» Task brief: Filter on the word "rise": copy each matching line from the listing below.

» Provided data:
══════

theorem mainTheorem5:
  fixes U :: "real \<Rightarrow> real" and m :: nat
    and eps sig :: "nat \<Rightarrow> real" and \<sigma>l \<sigma>u \<phi> \<psi> :: real
  assumes rise: "rise_function U"
    and m: "m \<ge> 1"
    and eps_nn: "\<forall>r\<in>{1..m}. eps r \<ge> 0"
    and sig_nn: "\<forall>r\<in>{1..m}. sig r \<ge> 0"
    and \<sigma>l: "\<sigma>l \<ge> 0"
    and \<sigma>u: "\<sigma>u \<ge> 0"
    and upper: "compo U eps sig m \<phi> \<le> Hf U (\<Sum>r=1..m. eps r) (Sf \<sigma>u \<phi>)"
    and \<psi>\<phi>: "\<psi> \<le> \<phi>"
    and rng_chain: "\<forall>r\<in>{1..m}. admissible U (compo U eps sig (r - 1) \<phi>) (eps r)
                              \<and> admissible U (compo U eps sig (r - 1) \<psi>) (eps r)"
    and rng_H: "admissible U \<phi> (\<Sum>r=1..m. eps r) \<and> admissible U \<psi> (\<Sum>r=1..m. eps r)"
    and rng_HS: "admissible U (Sf \<sigma>u \<phi>) (\<Sum>r=1..m. eps r)
               \<and> admissible U (Sf \<sigma>u \<psi>) (\<Sum>r=1..m. eps r)"
  shows "(icpd U \<longrightarrow>
            Sf \<sigma>l (Hf U (\<Sum>r=1..m. eps r) \<phi>) - Sf \<sigma>l (Hf U (\<Sum>r=1..m. eps r) \<psi>)
              \<le> compo U eps sig m \<phi> - compo U eps sig m \<psi>
          \<and> compo U eps sig m \<phi> - compo U eps sig m \<psi>
              \<le> Hf U (\<Sum>r=1..m. eps r) (Sf \<sigma>u \<phi>) - Hf U (\<Sum>r=1..m. eps r) (Sf \<sigma>u \<psi>))
       \<and> (dcpd U \<longrightarrow>
            Sf \<sigma>l (Hf U (\<Sum>r=1..m. eps r) \<phi>) - Sf \<sigma>l (Hf U (\<Sum>r=1..m. eps r) \<psi>)
              \<ge> compo U eps sig m \<phi> - compo U eps sig m \<psi>
          \<and> compo U eps sig m \<phi> - compo U eps sig m \<psi>
              \<ge> Hf U (\<Sum>r=1..m. eps r) (Sf \<sigma>u \<phi>) - Hf U (\<Sum>r=1..m. eps r) (Sf \<sigma>u \<psi>))"
proof -
  have chains: "chain_admissible U eps sig m \<phi>" "chain_admissible U eps sig m \<psi>"
    using rng_chain by (auto simp: chain_admissible_def)
  have bounds:
    "R (Sf \<sigma>l (Hf U (\<Sum>r=1..m. eps r) \<phi>) - Sf \<sigma>l (Hf U (\<Sum>r=1..m. eps r) \<psi>))
       (compo U eps sig m \<phi> - compo U eps sig m \<psi>)
     \<and> R (compo U eps sig m \<phi> - compo U eps sig m \<psi>)
         (Hf U (\<Sum>r=1..m. eps r) (Sf \<sigma>u \<phi>) - Hf U (\<Sum>r=1..m. eps r) (Sf \<sigma>u \<psi>))"
    if R: "cpd_order U R" for R
    using lower_compare[OF rise R \<psi>\<phi> eps_nn sig_nn chains]
      upper_compare[OF rise R \<psi>\<phi> eps_nn sig_nn chains, of \<sigma>u] rng_H rng_HS \<sigma>u upper
    by (simp add: Sf_def)
  show ?thesis using bounds[of "(\<le>)"] bounds[of "(\<ge>)"] by (auto simp: cpd_order_def)
qed

end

══════

» Answer below:
  assumes rise: "rise_function U"
    using lower_compare[OF rise R \<psi>\<phi> eps_nn sig_nn chains]
      upper_compare[OF rise R \<psi>\<phi> eps_nn sig_nn chains, of \<sigma>u] rng_H rng_HS \<sigma>u upper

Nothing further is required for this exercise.